Several characteristics make populations suitable for gene mapping, including well-documented and universally accessible healthcare and a high cooperation rate. Moreover, extensive genealogy provides greater control over the search for identity by descent, both phenotypically and genetically. Another factor recently debated on these pages is the merit of homogeneous versus heterogeneous populations. Many biological measures of diversity have been applied to identify suitable populations, including heterozygosity of autosomal markers, mitochondrial sequence diversity and linkage disequilibrium (a favourite of those promoting genome-wide association studies, which are not currently feasible because they are far too expensive). Key to mapping studies is that such measures reflect the probability that two sequences are identical by descent. Árnason and colleagues1 challenge the notion that Icelanders are a relatively homogeneous population, implying that this is a fiction promoted by a biotechnology company based in Iceland.

First, they interpret heterozygosity values of 11 classical genetic markers2 as demonstrating that Icelanders are no more homogeneous than other European populations. Our analysis of a larger data set of allele frequencies from 14 classical markers3,4 reveals that Icelanders have the lowest average heterozygosity of 10 European populations (Table 1).

Table 1 Genetic variation in Europe

Second, Árnason et al.1 dispute Icelandic homogeneity by comparing our published5 average heterozygosity for 298 Genethon markers used in linkage studies (0.75 for Icelanders and 0.79 for French CEPH individuals) with the average heterozygosity of all 5,264 Genethon markers (0.70) in the French population6. As a rule, comparisons of heterozygosity values are not valid unless based on the same set of loci in each population. This particular comparison is misleading, however, as the 298 markers were specifically selected for gene mapping on the basis of high heterozygosity. This subset of loci indicates Icelandic relative homogeneity, a finding supported by average heterozygosity of 100 SNP markers typed in our laboratory, which was 0.25 in Iceland compared with 0.28 in CEPH individuals.

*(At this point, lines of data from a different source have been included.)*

(* Let $\mathscr T$ be a functor satisfying (T1)–(T4) and $\mathfrak K=(K,\bigsqcup,\odot,{}^*,{\sim},e)$ a $\mathscr T$-based orthomodular dynamic algebra. Then (i) $K$ (with its quantale order $\sqsubseteq$) is an atomic lattice whose atoms are exactly the elements of $\mathscr T(K)$; (ii) the structure $\mathscr P(\mathscr T(\mathfrak K))=(\mathscr P(\mathscr T(K)),\bigcup,\boxdot,{}^\star,\boxtimes,\{e\})$ is a $\mathscr T$-based orthomodular dynamic algebra, and $h_{\mathfrak K}$ is an isomorphism from $\mathfrak K$ onto it.
   Context: Here $h_{\mathfrak K}\colon K\to\mathscr P(\mathscr T(K))$ is $h_{\mathfrak K}(v)=\{w\in\mathscr T(K)\mid w\sqsubseteq v\}$, and on the powerset $\mathscr P(\mathscr T(K))$: $A\boxdot B=h_{\mathfrak K}(\bigsqcup A\odot\bigsqcup B)$, $A^\star=h_{\mathfrak K}((\bigsqcup A)^* )$, $\boxtimes A=h_{\mathfrak K}({\sim}\bigsqcup A)$, joins are unions, unit $\{e\}$. An involutive unital quantale is $(Q,\bigsqcup,\odot,{}^*,e)$: $Q$ a complete join-semilattice (order $\sqsubseteq$), $\odot$ associative and distributing over arbitrary joins in each argument, $e$ a unit, ${}^*$ with $x^{**}=x$, $(x\odot y)^*=y^*\odot x^*$, $(\bigsqcup x_i)^*=\bigsqcup x_i^*$. An involutive generalized dynamic algebra (IDA) is such a quantale with ${\sim}\colon K\to K$ satisfying, for all $x,y$ and families $(x_i)$: ${\sim}(x\odot{\sim}{\sim}y)={\sim}(x\odot y)$; ${\sim}(\bigsqcup{\sim}{\sim}x_i)={\sim}(\bigsqcup x_i)$; $({\sim}x)^*={\sim}x$; ${\sim}{\sim}({\sim}{\sim}x\odot y)={\sim}({\sim}x\sqcup{\sim}({\sim}x\sqcup y))$. Test set $\widetilde K=\{{\sim}k\}$; $\bigvee W={\sim}{\sim}\bigsqcup W$; $w^\perp={\sim}w$; $k\preceq l$ iff $\bigvee\{k,l\}=l$; $k\bullet v={\sim}{\sim}(k\odot v)$; $k\equiv l$ iff $k\bullet w=l\bullet w$ for all $w\in\widetilde K$. IDA morphisms preserve joins, $\odot$, ${}^*$, unit, ${\sim}$ (category $\mathbb{IDA}$); isomorphisms are bijective morphisms; semi-Foulis means $(\widetilde K,\preceq,{}^\perp)$ is a complete orthomodular lattice. $\mathbb{IM}$: involutive monoids and homomorphisms. For a complete orthomodular lattice $\mathcal M$: $\pi_m(x)=m\wedge(m^\perp\vee x)$; $\mathbf{Lin}(\mathcal M)$ is the set of maps $f$ admitting $f^*$ with $f(x)\le y^\perp\iff x\le f^*(y)^\perp$, an IDA under pointwise joins, composition, ${}^*$, $\mathrm{id}$, ${\sim}f=\pi_{f(1)^\perp}$; for an involutive submonoid $L\supseteq\{\pi_m\}$, $\mathscr P(L)$ is the IDA of subsets of $L$ with union, setwise composition and involution, unit $\{\mathrm{id}\}$, ${\sim}A=\{\pi_{(\bigvee_{a\in A}a(1))^\perp}\}$. $\mathscr T\colon\mathbb{IDA}\to\mathbb{IM}$ satisfies: (T1) $\widetilde K\subseteq\mathscr T(K)\subseteq K$, $\mathscr T(K)$ an involutive submonoid; (T2) for semi-Foulis $\mathfrak K$ with $s=t\iff s\equiv t$ on $\mathscr T(K)$, $k\mapsto k\bullet(-)$ is an isomorphism $\mathscr T(\mathfrak K)\to\mathscr T(\mathbf{Lin}(\widetilde{\mathfrak K}))$; (T3) $f\mapsto\{f\}$ is an isomorphism $\mathscr T(\mathbf{Lin}(\mathcal M))\to\mathscr T(\mathscr P(\mathscr T(\mathbf{Lin}(\mathcal M))))$; (T4) $\mathscr T(f)$ is the restriction of $f$. A $\mathscr T$-based orthomodular dynamic algebra is an IDA with: (TODA1) $(\widetilde K,\preceq,{}^\perp)$ a complete orthomodular lattice; (TODA2) every $A$ with $\mathscr T(K)\subseteq A\subseteq K$ closed under $\odot$, ${}^*$, arbitrary joins equals $K$; (TODA3) for $S,T\subseteq\mathscr T(K)$, $\bigsqcup S=\bigsqcup T$ iff $S=T$; (TODA4) for $s,t\in\mathscr T(K)$, $s=t$ iff $s\equiv t$. *)

theory Defs
  imports "HOL-Library.FuncSet"
begin

record 'a ida =
  ida_carrier :: "'a set"
  ida_jn      :: "'a set \<Rightarrow> 'a"
  ida_mult    :: "'a \<Rightarrow> 'a \<Rightarrow> 'a"
  ida_inv     :: "'a \<Rightarrow> 'a"
  ida_neg     :: "'a \<Rightarrow> 'a"
  ida_unit    :: "'a"

definition ida_le :: "('a, 'b) ida_scheme \<Rightarrow> 'a \<Rightarrow> 'a \<Rightarrow> bool" where
  "ida_le K x y \<longleftrightarrow> ida_jn K {x, y} = y"

definition is_IDA :: "('a, 'b) ida_scheme \<Rightarrow> bool" where
  "is_IDA K \<longleftrightarrow>
     (let C = ida_carrier K; jn = ida_jn K; m = ida_mult K; i = ida_inv K;
          n = ida_neg K; e = ida_unit K; le = ida_le K in
     \<comment> \<open>complete join-semilattice\<close>
     (\<forall>x\<in>C. le x x) \<and>
     (\<forall>x\<in>C. \<forall>y\<in>C. le x y \<and> le y x \<longrightarrow> x = y) \<and>
     (\<forall>x\<in>C. \<forall>y\<in>C. \<forall>z\<in>C. le x y \<and> le y z \<longrightarrow> le x z) \<and>
     (\<forall>S. S \<subseteq> C \<longrightarrow> jn S \<in> C \<and> (\<forall>x\<in>S. le x (jn S)) \<and>
            (\<forall>u\<in>C. (\<forall>x\<in>S. le x u) \<longrightarrow> le (jn S) u)) \<and>
     \<comment> \<open>multiplication\<close>
     (\<forall>x\<in>C. \<forall>y\<in>C. m x y \<in> C) \<and>
     (\<forall>x\<in>C. \<forall>y\<in>C. \<forall>z\<in>C. m (m x y) z = m x (m y z)) \<and>
     (\<forall>S y. S \<subseteq> C \<and> y \<in> C \<longrightarrow>
         m (jn S) y = jn ((\<lambda>x. m x y) ` S) \<and> m y (jn S) = jn ((\<lambda>x. m y x) ` S)) \<and>
     e \<in> C \<and> (\<forall>x\<in>C. m e x = x \<and> m x e = x) \<and>
     \<comment> \<open>involution\<close>
     (\<forall>x\<in>C. i x \<in> C \<and> i (i x) = x) \<and>
     (\<forall>x\<in>C. \<forall>y\<in>C. i (m x y) = m (i y) (i x)) \<and>
     (\<forall>S. S \<subseteq> C \<longrightarrow> i (jn S) = jn (i ` S)) \<and>
     \<comment> \<open>the operation \<sim>\<close>
     (\<forall>x\<in>C. n x \<in> C) \<and>
     (\<forall>x\<in>C. \<forall>y\<in>C. n (m x (n (n y))) = n (m x y)) \<and>
     (\<forall>S. S \<subseteq> C \<longrightarrow> n (jn (n ` n ` S)) = n (jn S)) \<and>
     (\<forall>x\<in>C. i (n x) = n x) \<and>
     (\<forall>x\<in>C. \<forall>y\<in>C. n (n (m (n (n x)) y)) = n (jn {n x, n (jn {n x, y})})))"

definition ida_tests :: "('a, 'b) ida_scheme \<Rightarrow> 'a set" where
  "ida_tests K = ida_neg K ` ida_carrier K"

definition ida_bigvee :: "('a, 'b) ida_scheme \<Rightarrow> 'a set \<Rightarrow> 'a" where
  "ida_bigvee K W = ida_neg K (ida_neg K (ida_jn K W))"

definition test_le :: "('a, 'b) ida_scheme \<Rightarrow> 'a \<Rightarrow> 'a \<Rightarrow> bool" where
  "test_le K k l \<longleftrightarrow> ida_bigvee K {k, l} = l"

definition ida_bullet :: "('a, 'b) ida_scheme \<Rightarrow> 'a \<Rightarrow> 'a \<Rightarrow> 'a" where
  "ida_bullet K k v = ida_neg K (ida_neg K (ida_mult K k v))"

definition ida_equiv :: "('a, 'b) ida_scheme \<Rightarrow> 'a \<Rightarrow> 'a \<Rightarrow> bool" where
  "ida_equiv K k l \<longleftrightarrow> (\<forall>w\<in>ida_tests K. ida_bullet K k w = ida_bullet K l w)"

definition ida_morphism :: "('a, 'c) ida_scheme \<Rightarrow> ('b, 'd) ida_scheme \<Rightarrow> ('a \<Rightarrow> 'b) \<Rightarrow> bool" where
  "ida_morphism K K' f \<longleftrightarrow>
     f \<in> ida_carrier K \<rightarrow> ida_carrier K' \<and>
     (\<forall>S. S \<subseteq> ida_carrier K \<longrightarrow> f (ida_jn K S) = ida_jn K' (f ` S)) \<and>
     (\<forall>x\<in>ida_carrier K. \<forall>y\<in>ida_carrier K. f (ida_mult K x y) = ida_mult K' (f x) (f y)) \<and>
     (\<forall>x\<in>ida_carrier K. f (ida_inv K x) = ida_inv K' (f x)) \<and>
     (\<forall>x\<in>ida_carrier K. f (ida_neg K x) = ida_neg K' (f x)) \<and>
     f (ida_unit K) = ida_unit K'"

definition ida_iso :: "('a, 'c) ida_scheme \<Rightarrow> ('b, 'd) ida_scheme \<Rightarrow> ('a \<Rightarrow> 'b) \<Rightarrow> bool" where
  "ida_iso K K' f \<longleftrightarrow> ida_morphism K K' f \<and> bij_betw f (ida_carrier K) (ida_carrier K')"

definition im_iso :: "('a, 'c) ida_scheme \<Rightarrow> ('b, 'd) ida_scheme \<Rightarrow> ('a \<Rightarrow> 'b) \<Rightarrow> 'a set \<Rightarrow> 'b set \<Rightarrow> bool" where
  "im_iso K K' f S S' \<longleftrightarrow> bij_betw f S S' \<and>
     (\<forall>x\<in>S. \<forall>y\<in>S. f (ida_mult K x y) = ida_mult K' (f x) (f y)) \<and>
     (\<forall>x\<in>S. f (ida_inv K x) = ida_inv K' (f x)) \<and>
     f (ida_unit K) = ida_unit K'"

definition is_lub :: "'x set \<Rightarrow> ('x \<Rightarrow> 'x \<Rightarrow> bool) \<Rightarrow> 'x set \<Rightarrow> 'x \<Rightarrow> bool" where
  "is_lub M le S u \<longleftrightarrow> u \<in> M \<and> (\<forall>x\<in>S. le x u) \<and> (\<forall>v\<in>M. (\<forall>x\<in>S. le x v) \<longrightarrow> le u v)"

definition is_glb :: "'x set \<Rightarrow> ('x \<Rightarrow> 'x \<Rightarrow> bool) \<Rightarrow> 'x set \<Rightarrow> 'x \<Rightarrow> bool" where
  "is_glb M le S u \<longleftrightarrow> u \<in> M \<and> (\<forall>x\<in>S. le u x) \<and> (\<forall>v\<in>M. (\<forall>x\<in>S. le v x) \<longrightarrow> le v u)"

definition lsup :: "'x set \<Rightarrow> ('x \<Rightarrow> 'x \<Rightarrow> bool) \<Rightarrow> 'x set \<Rightarrow> 'x" where
  "lsup M le S = (THE u. is_lub M le S u)"

definition linf :: "'x set \<Rightarrow> ('x \<Rightarrow> 'x \<Rightarrow> bool) \<Rightarrow> 'x set \<Rightarrow> 'x" where
  "linf M le S = (THE u. is_glb M le S u)"

definition complete_oml :: "'x set \<Rightarrow> ('x \<Rightarrow> 'x \<Rightarrow> bool) \<Rightarrow> ('x \<Rightarrow> 'x) \<Rightarrow> bool" where
  "complete_oml M le oc \<longleftrightarrow>
     (\<forall>x\<in>M. le x x) \<and>
     (\<forall>x\<in>M. \<forall>y\<in>M. le x y \<and> le y x \<longrightarrow> x = y) \<and>
     (\<forall>x\<in>M. \<forall>y\<in>M. \<forall>z\<in>M. le x y \<and> le y z \<longrightarrow> le x z) \<and>
     (\<forall>S. S \<subseteq> M \<longrightarrow> (\<exists>u. is_lub M le S u)) \<and>
     (\<forall>x\<in>M. oc x \<in> M \<and> oc (oc x) = x) \<and>
     (\<forall>x\<in>M. \<forall>y\<in>M. le x y \<longrightarrow> le (oc y) (oc x)) \<and>
     (\<forall>x\<in>M. lsup M le {x, oc x} = lsup M le M \<and> linf M le {x, oc x} = lsup M le {}) \<and>
     (\<forall>x\<in>M. \<forall>y\<in>M. le x y \<longrightarrow> y = lsup M le {x, linf M le {y, oc x}})"

definition semi_foulis :: "('a, 'b) ida_scheme \<Rightarrow> bool" where
  "semi_foulis K \<longleftrightarrow> complete_oml (ida_tests K) (test_le K) (ida_neg K)"

definition oml_proj :: "'x set \<Rightarrow> ('x \<Rightarrow> 'x \<Rightarrow> bool) \<Rightarrow> ('x \<Rightarrow> 'x) \<Rightarrow> 'x \<Rightarrow> ('x \<Rightarrow> 'x)" where
  "oml_proj M le oc m = (\<lambda>x\<in>M. linf M le {m, lsup M le {oc m, x}})"

definition is_adjoint :: "'x set \<Rightarrow> ('x \<Rightarrow> 'x \<Rightarrow> bool) \<Rightarrow> ('x \<Rightarrow> 'x) \<Rightarrow> ('x \<Rightarrow> 'x) \<Rightarrow> ('x \<Rightarrow> 'x) \<Rightarrow> bool" where
  "is_adjoint M le oc f g \<longleftrightarrow> g \<in> M \<rightarrow>\<^sub>E M \<and>
     (\<forall>x\<in>M. \<forall>y\<in>M. le (f x) (oc y) \<longleftrightarrow> le x (oc (g y)))"

definition lin_maps :: "'x set \<Rightarrow> ('x \<Rightarrow> 'x \<Rightarrow> bool) \<Rightarrow> ('x \<Rightarrow> 'x) \<Rightarrow> ('x \<Rightarrow> 'x) set" where
  "lin_maps M le oc = {f \<in> M \<rightarrow>\<^sub>E M. \<exists>g. is_adjoint M le oc f g}"

definition Lin :: "'x set \<Rightarrow> ('x \<Rightarrow> 'x \<Rightarrow> bool) \<Rightarrow> ('x \<Rightarrow> 'x) \<Rightarrow> ('x \<Rightarrow> 'x) ida" where
  "Lin M le oc =
     \<lparr> ida_carrier = lin_maps M le oc,
       ida_jn = (\<lambda>F. \<lambda>x\<in>M. lsup M le ((\<lambda>f. f x) ` F)),
       ida_mult = (\<lambda>f g. \<lambda>x\<in>M. f (g x)),
       ida_inv = (\<lambda>f. THE g. is_adjoint M le oc f g),
       ida_neg = (\<lambda>f. oml_proj M le oc (oc (f (lsup M le M)))),
       ida_unit = (\<lambda>x\<in>M. x) \<rparr>"

definition PL :: "'x set \<Rightarrow> ('x \<Rightarrow> 'x \<Rightarrow> bool) \<Rightarrow> ('x \<Rightarrow> 'x) \<Rightarrow> ('x \<Rightarrow> 'x) set \<Rightarrow> ('x \<Rightarrow> 'x) set ida" where
  "PL M le oc L =
     \<lparr> ida_carrier = Pow L,
       ida_jn = (\<lambda>\<A>. \<Union>\<A>),
       ida_mult = (\<lambda>A B. {ida_mult (Lin M le oc) f g | f g. f \<in> A \<and> g \<in> B}),
       ida_inv = (\<lambda>A. ida_inv (Lin M le oc) ` A),
       ida_neg = (\<lambda>A. {oml_proj M le oc (oc (lsup M le ((\<lambda>a. a (lsup M le M)) ` A)))}),
       ida_unit = {ida_unit (Lin M le oc)} \<rparr>"

definition Lin_tests :: "('a, 'b) ida_scheme \<Rightarrow> ('a \<Rightarrow> 'a) ida" where
  "Lin_tests K = Lin (ida_tests K) (test_le K) (ida_neg K)"

section \<open>The functor T (conditions T1--T4, instance-wise)\<close>

definition T1_cond :: "('a ida \<Rightarrow> 'a set) \<Rightarrow> bool" where
  "T1_cond T \<longleftrightarrow> (\<forall>K. is_IDA K \<longrightarrow>
     ida_tests K \<subseteq> T K \<and> T K \<subseteq> ida_carrier K \<and> ida_unit K \<in> T K \<and>
     (\<forall>x\<in>T K. \<forall>y\<in>T K. ida_mult K x y \<in> T K) \<and> (\<forall>x\<in>T K. ida_inv K x \<in> T K))"

definition T2_cond :: "('a ida \<Rightarrow> 'a set) \<Rightarrow> (('a \<Rightarrow> 'a) ida \<Rightarrow> ('a \<Rightarrow> 'a) set) \<Rightarrow> bool" where
  "T2_cond T TL \<longleftrightarrow> (\<forall>K. is_IDA K \<and> semi_foulis K \<and>
       (\<forall>s\<in>T K. \<forall>t\<in>T K. s = t \<longleftrightarrow> ida_equiv K s t) \<longrightarrow>
     im_iso K (Lin_tests K) (\<lambda>k. \<lambda>w\<in>ida_tests K. ida_bullet K k w) (T K) (TL (Lin_tests K)))"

Finally, they report a high nucleotide diversity in 73 new Icelandic mitochondrial sequences, claiming that Icelanders are “among the most variable Europeans” at this locus. They correctly state that this finding was previously reported in our study4 of the entire mitochondrial control region from 401 Icelanders. We disagree with their interpretation, and posit that high nucleotide diversity merely demonstrates that the mitochondrial sequences carried by female ancestors of the Icelandic contemporary population differed by a relatively large number of bases. Its relation to the number or geographic mixture of female founders is unclear.

The probability that two randomly selected sequences are identical by descent should be higher in populations with relatively few ancestors. Our previous study7 revealed a comparatively small effective population size of females in Iceland (based on low numbers of segregating sites and mitochondrial haplotypes)—only slightly larger than those estimated for other isolates such as Basques, Finns and Saami. This indicates that the Icelanders have relatively few ancestors and supports earlier claims that the contemporary Icelandic gene pool is suitable for gene-mapping studies.